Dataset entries
- Opening Delimiter -

(* Pointwise, hardy_rhs + (H u\<^sup>2)' \<le> hardy_lhs: the difference is s^{\<beta>+1} (u' + q u/s)\<^sup>2 \<ge> 0,
   where q = \<beta>/2 + 1/(2L).  Here P stands for s^\<beta>. *)
lemma hardy_square_completion:
  fixes P s L \<beta> u v :: real
  assumes s: "s > 0" and L: "L > 0" and P: "P \<ge> 0"
  defines "q \<equiv> \<beta> / 2 + 1 / (2 * L)"
  shows "(\<beta> / 2)\<^sup>2 * (P / s * u\<^sup>2) + 1 / 4 * (P / s * u\<^sup>2 / L\<^sup>2)
           - (\<beta> * P / s * q + P / (2 * s * L\<^sup>2)) * u\<^sup>2 - P * q * (2 * u * v) \<le> P * s * v\<^sup>2"
proof -
  have "P * s * v\<^sup>2 - ((\<beta> / 2)\<^sup>2 * (P / s * u\<^sup>2) + 1 / 4 * (P / s * u\<^sup>2 / L\<^sup>2)
          - (\<beta> * P / s * q + P / (2 * s * L\<^sup>2)) * u\<^sup>2 - P * q * (2 * u * v)) = P * s * (v + q * u / s)\<^sup>2"
    using s L unfolding q_def by (simp add: field_simps power2_eq_square)
  moreover have "P * s * (v + q * u / s)\<^sup>2 \<ge> 0" using s P by simp
  ultimately show ?thesis by linarith
qed

(* The inequality on a compact interval [\<epsilon>, b]: integrate the pointwise bound and use that the
   boundary term H(b) u(b)\<^sup>2 - H(\<epsilon>) u(\<epsilon>)\<^sup>2 is nonnegative since u(b) = 0 and H \<le> 0. *)
lemma hardy_log_interval:
  fixes u v :: "real \<Rightarrow> real"
  assumes \<beta>: "\<beta> > 0" and \<epsilon>: "0 < \<epsilon>" "\<epsilon> \<le> b" and bR: "b < R"
    and du: "\<And>s. s \<in> {\<epsilon>..b} \<Longrightarrow> (u has_real_derivative v s) (at s)"
    and cu: "continuous_on {\<epsilon>..b} u" and cv: "continuous_on {\<epsilon>..b} v"
    and ub: "u b = 0"
  shows "integral {\<epsilon>..b} (hardy_rhs_1d \<beta> R u) \<le> integral {\<epsilon>..b} (hardy_lhs_1d \<beta> v)"
proof -
  have S: "{\<epsilon>..b} \<subseteq> {0<..<R}" using \<epsilon> bR by auto
  define \<Phi> where "\<Phi> s = hardy_potential \<beta> R s * (u s)\<^sup>2" for s
  define \<Phi>' where "\<Phi>' s = - (\<beta> * s powr \<beta> / s * (\<beta> / 2 + 1 / (2 * ln (R / s)))
                             + s powr \<beta> / (2 * s * (ln (R / s))\<^sup>2)) * (u s)\<^sup>2
                         + hardy_potential \<beta> R s * (2 * u s * v s)" for s
  have "(\<Phi>' has_integral (\<Phi> b - \<Phi> \<epsilon>)) {\<epsilon>..b}"
  proof (rule fundamental_theorem_of_calculus[OF \<epsilon>(2)])
    fix s assume s: "s \<in> {\<epsilon>..b}"
    have "((\<lambda>s. (u s)\<^sup>2) has_real_derivative 2 * u s * v s) (at s)"
      using du[OF s] by (auto intro!: derivative_eq_intros)
    then have "(\<Phi> has_real_derivative \<Phi>' s) (at s)"
      unfolding \<Phi>_def \<Phi>'_def using S s
      by (auto intro!: DERIV_mult[OF hardy_potential_has_derivative, THEN DERIV_cong] simp: algebra_simps)
    then show "(\<Phi> has_vector_derivative \<Phi>' s) (at s within {\<epsilon>..b})"
      by (simp add: has_real_derivative_iff_has_vector_derivative[symmetric] has_field_derivative_at_within)
  qed
  then have int_\<Phi>': "\<Phi>' integrable_on {\<epsilon>..b}" and val_\<Phi>': "integral {\<epsilon>..b} \<Phi>' = \<Phi> b - \<Phi> \<epsilon>"
    by (auto dest: integral_unique)
  have "hardy_potential \<beta> R \<epsilon> \<le> 0"
    using \<epsilon> bR \<beta> by (simp add: hardy_potential_def)
  then have boundary: "\<Phi> b - \<Phi> \<epsilon> \<ge> 0"
    unfolding \<Phi>_def using ub by (simp add: mult_nonpos_nonneg)
  have int_rhs: "hardy_rhs_1d \<beta> R u integrable_on {\<epsilon>..b}"
    using continuous_on_hardy_1d(1)[OF S cu] by (rule integrable_continuous_interval)
  have int_lhs: "hardy_lhs_1d \<beta> v integrable_on {\<epsilon>..b}"
    using continuous_on_hardy_1d(2)[OF S cv] by (rule integrable_continuous_interval)
  have pointwise: "hardy_rhs_1d \<beta> R u s + \<Phi>' s \<le> hardy_lhs_1d \<beta> v s" if s: "s \<in> {\<epsilon>..b}" for s
  proof -
    have s0: "s > 0" and L: "ln (R / s) > 0" using s S by auto
    have "s powr (\<beta> - 1) = s powr \<beta> / s" "s powr (\<beta> + 1) = s powr \<beta> * s"
      using s0 by (simp_all add: powr_diff powr_add)
    then show ?thesis
      using hardy_square_completion[OF s0 L, of "s powr \<beta>" \<beta> "u s" "v s"]
      unfolding hardy_rhs_1d_def hardy_lhs_1d_def \<Phi>'_def hardy_potential_def
      by (simp add: algebra_simps)
  qed
  have "integral {\<epsilon>..b} (hardy_rhs_1d \<beta> R u) + (\<Phi> b - \<Phi> \<epsilon>)
      = integral {\<epsilon>..b} (\<lambda>s. hardy_rhs_1d \<beta> R u s + \<Phi>' s)"
    using integral_add[OF int_rhs int_\<Phi>'] val_\<Phi>' by simp
  also have "\<dots> \<le> integral {\<epsilon>..b} (hardy_lhs_1d \<beta> v)"
    by (rule integral_le[OF integrable_add[OF int_rhs int_\<Phi>'] int_lhs pointwise])
  finally show ?thesis using boundary by linarith
qed

(* To bound an integral over (0, b] it suffices to bound the integrals over [\<epsilon>, b], \<epsilon> > 0
   (monotone convergence along \<epsilon> = 1/(n+1)). *)
lemma nn_integral_halfopen_le:
  fixes f :: "real \<Rightarrow> ennreal"
  assumes f [measurable]: "(\<lambda>s. f s * indicator {0<..b} s) \<in> borel_measurable borel"
    and bound: "\<And>\<epsilon>. 0 < \<epsilon> \<Longrightarrow> \<epsilon> \<le> b \<Longrightarrow> (\<integral>\<^sup>+s. f s * indicator {\<epsilon>..b} s \<partial>lborel) \<le> X"
  shows "(\<integral>\<^sup>+s. f s * indicator {0<..b} s \<partial>lborel) \<le> X"
proof -
  define g where "g n s = f s * indicator {0<..b} s * indicator {1 / real (Suc n)..} s" for n s
  have g_eq: "g n = (\<lambda>s. f s * indicator {1 / real (Suc n)..b} s)" for n
    by (auto simp: g_def fun_eq_iff indicator_def intro: less_le_trans[of 0 "1 / real (Suc n)"])
  have "incseq g"
  proof (intro incseq_SucI le_funI)
    fix n s
    have "1 / real (Suc (Suc n)) \<le> 1 / real (Suc n)" by (simp add: frac_le)
    then show "g n s \<le> g (Suc n) s" by (auto simp: g_def indicator_def)
  qed
  moreover have "(SUP n. g n s) = f s * indicator {0<..b} s" for s
  proof (cases "s > 0")
    case False
    then show ?thesis by (simp add: g_def)
  next
    case True
    obtain N where N: "inverse (real (Suc N)) < s" using reals_Archimedean[OF True] by blast
    have "g n s \<le> f s * indicator {0<..b} s" for n
      by (simp add: g_def indicator_def)
    moreover have "g N s = f s * indicator {0<..b} s"
      using N by (simp add: g_def indicator_def inverse_eq_divide)
    ultimately show ?thesis
      by (intro antisym SUP_least) (auto intro: SUP_upper2[of N])
  qed
  ultimately have "(\<integral>\<^sup>+s. f s * indicator {0<..b} s \<partial>lborel) = (SUP n. \<integral>\<^sup>+s. g n s \<partial>lborel)"
    using nn_integral_monotone_convergence_SUP[of g lborel] by (simp add: g_def[abs_def])
  also have "\<dots> \<le> X"
  proof (rule SUP_least)
    fix n
    show "(\<integral>\<^sup>+s. g n s \<partial>lborel) \<le> X"
    proof (cases "1 / real (Suc n) \<le> b")
      case True
      then show ?thesis unfolding g_eq by (intro bound) auto
    next
      case False
      then show ?thesis unfolding g_eq by simp
    qed
  qed
  finally show ?thesis .
qed

lemma borel_measurable_ennreal_indicator:
  fixes g :: "real \<Rightarrow> real"
  assumes "A \<in> sets borel" and "continuous_on A g"
  shows "(\<lambda>s. ennreal (g s) * indicator A s) \<in> borel_measurable borel"
proof -
  have "(\<lambda>s. indicator A s *\<^sub>R g s) \<in> borel_measurable borel"
    using assms by (rule borel_measurable_continuous_on_indicator)
  moreover have "(\<lambda>s. ennreal (g s) * indicator A s) = (\<lambda>s. ennreal (indicator A s *\<^sub>R g s))"
    by (auto simp: fun_eq_iff indicator_def)
  ultimately show ?thesis by simp
qed
(* For $\varepsilon>0$ let $q_\varepsilon=\frac1\varepsilon\delta(t-\frac12-2\varepsilon)$. For every $n_0\in\mathbb N$ there exists $\varepsilon_0>0$ such that $$G^a_{4n-2}(q_\varepsilon)=G^0_{4n-2}(q_\varepsilon)\ne\emptyset\quad\text{for all }(a,\varepsilon,n)\in\mathbb R\times(0,\varepsilon_0)\times\{1,\dots,n_0\}.$$
   Context: Fix an integer $N\ge1$. The potential $q_\varepsilon$ is a $\delta$-interaction of strength $1/\varepsilon$ at $t_0=\frac12+2\varepsilon\in(0,1)$. That is, $-y''+q_\varepsilon y=\lambda y$ means $-y''=\lambda y$ on $[0,1]\setminus\{t_0\}$, with $y$ continuous at $t_0$ and $y'(t_0+)-y'(t_0-)=\frac1\varepsilon y(t_0)$. Hill-equation data. For $\lambda\in\mathbb C$, let $\vartheta,\varphi$ solve this equation with $\vartheta(0)=\varphi'(0)=1$ and $\vartheta'(0)=\varphi(0)=0$. Put $F=(\varphi'(1,\cdot)+\vartheta(1,\cdot))/2$ and $F_-=(\varphi'(1,\cdot)-\vartheta(1,\cdot))/2$. Operators. Let $a=a_1'+a_2'$ with $a_1',a_2'\in\mathbb R$, let $s=e^{2\pi i/N}$, and for $k\in\mathbb Z_N$ set $c_k=\cos(\pi k/N+a)$ and $s_k=\sin(\pi k/N+a)$. $H_k^a$ acts in $L^2(\Gamma^1)$, where $\Gamma^1$ has edges $\Gamma_{n,j}$, $(n,j)\in\mathbb Z\times\{1,\dots,6\}$, each identified with $[0,1]$, by $-f''_{n,j}+q_\varepsilon f_{n,j}$, with boundary conditions for all $n$: - $e^{ia_1'}f_{n,1}(1)=f_{n,2}(0)=f_{n,5}(0)$; - $e^{ia_2'}f_{n,2}(1)=f_{n,3}(0)=f_{n,6}(0)$; - $e^{ia_1'}f_{n,3}(1)=f_{n,4}(0)=e^{ia_1'}f_{n-1,6}(1)$; - $e^{ia_2'}s^kf_{n,4}(1)=f_{n,1}(0)=e^{-ia_1'}f_{n-1,5}(1)$; - $e^{ia_1'}f'_{n,1}(1)=f'_{n,2}(0)+f'_{n,5}(0)$; - $e^{ia_2'}f'_{n,2}(1)=f'_{n,3}(0)+f'_{n,6}(0)$; - $e^{ia_1'}f'_{n,3}(1)+e^{ia_1'}f'_{n-1,6}(1)=f'_{n,4}(0)$; - $e^{ia_2'}s^kf'_{n,4}(1)+e^{-ia_1'}f'_{n-1,5}(1)=f'_{n,1}(0)$. $H^a=\bigoplus_kH_k^a$. Lyapunov functions. $F_{k,\nu}=\xi_k-(-1)^\nu\sqrt{\rho_k}$, with $\xi_k=\frac{9F^2-F_-^2-1}2-s_k^2$ and $\rho_k=(9F^2-s_k^2)c_k^2+s_k^2F_-^2$. Set $D_k^\pm=4(F_{k,1}\mp1)(F_{k,2}\mp1)$. Antiperiodic eigenvalues. The zeros of $D_0^-$ at $a=0$ are labeled $\lambda^{0,-}_{2,1}\le\lambda^{0,-}_{1,1}\le\lambda^{0,+}_{1,1}\le\lambda^{0,+}_{2,1}\le\lambda^{0,-}_{2,3}\le\cdots$. Set $\varkappa_n=(\lambda^{0,-}_{1,2n-1},\lambda^{0,+}_{1,2n-1})$. Let $r^\mp_{k,n}$ be the smallest/largest zero of $\rho_k$ in $\overline{\varkappa_n}$, and $v_k=|F_-|-c_k^2$. Gaps. $E^{k,\pm}_{1,2n-1}=\lambda^{0,\pm}_{1,2n-1}$ if $v_k(\lambda^{0,\pm}_{1,2n-1})\ge0$, and $E^{k,\pm}_{1,2n-1}=r^\pm_{k,n}$ otherwise. Define $G^a_{4n-2}=\bigcap_{k\in\mathbb Z_N}(E^{k,-}_{1,2n-1},E^{k,+}_{1,2n-1})$, the gaps of $\sigma_{ac}(H^a)$ inside $\varkappa_n$. The notation $G^a_{4n-2}(q_\varepsilon)$ indicates the potential used. *)

theory Defs
  imports "HOL-Analysis.Analysis"
begin

text \<open>cosine-type and sine-type solutions c(lambda,t), s(lambda,t) of -y''=lambda y with
  c(0)=1, c'(0)=0, s(0)=0, s'(0)=1; c' = -lambda s and s' = c.\<close>

definition cfun :: "real \<Rightarrow> real \<Rightarrow> real" where
  "cfun lam t = (if lam \<ge> 0 then cos (sqrt lam * t) else cosh (sqrt (- lam) * t))"

definition sfun :: "real \<Rightarrow> real \<Rightarrow> real" where
  "sfun lam t = (if lam = 0 then t
     else if lam > 0 then sin (sqrt lam * t) / sqrt lam
     else sinh (sqrt (- lam) * t) / sqrt (- lam))"

definition t0 :: "real \<Rightarrow> real" where
  "t0 eps = 1/2 + 2 * eps"

text \<open>Transfer matrix over [0,1]: M(1-t0) * J * M(t0), where M(t) = [[c,s],[-lambda s, c]]
  acts on (y,y') and J = [[1,0],[1/eps,1]] is the jump y'(t0+) - y'(t0-) = (1/eps) y(t0).
  theta1 = vartheta(1,lambda) is its (1,1) entry, dphi1 = varphi'(1,lambda) its (2,2) entry.\<close>

definition theta1 :: "real \<Rightarrow> real \<Rightarrow> real" where
  "theta1 eps lam =
     (let c1 = cfun lam (t0 eps); s1 = sfun lam (t0 eps);
          c2 = cfun lam (1 - t0 eps); s2 = sfun lam (1 - t0 eps)
      in c2 * c1 + s2 * ((1/eps) * c1 - lam * s1))"

definition dphi1 :: "real \<Rightarrow> real \<Rightarrow> real" where
  "dphi1 eps lam =
     (let c1 = cfun lam (t0 eps); s1 = sfun lam (t0 eps);
          c2 = cfun lam (1 - t0 eps); s2 = sfun lam (1 - t0 eps)
      in - lam * s2 * s1 + c2 * ((1/eps) * s1 + c1))"

definition Fp :: "real \<Rightarrow> real \<Rightarrow> real" where
  "Fp eps lam = (dphi1 eps lam + theta1 eps lam) / 2"

definition Fm :: "real \<Rightarrow> real \<Rightarrow> real" where
  "Fm eps lam = (dphi1 eps lam - theta1 eps lam) / 2"

definition ck :: "nat \<Rightarrow> real \<Rightarrow> nat \<Rightarrow> real" where
  "ck N a k = cos (pi * real k / real N + a)"

definition sk :: "nat \<Rightarrow> real \<Rightarrow> nat \<Rightarrow> real" where
  "sk N a k = sin (pi * real k / real N + a)"

definition xi :: "nat \<Rightarrow> real \<Rightarrow> real \<Rightarrow> nat \<Rightarrow> real \<Rightarrow> real" where
  "xi N a eps k lam = (9 * (Fp eps lam)^2 - (Fm eps lam)^2 - 1) / 2 - (sk N a k)^2"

- Closing Delimiter -

*Exercise requirements:*
Looking at the records above, how many lines contain "close"? Answer with the number alone.

*Written answer:*
2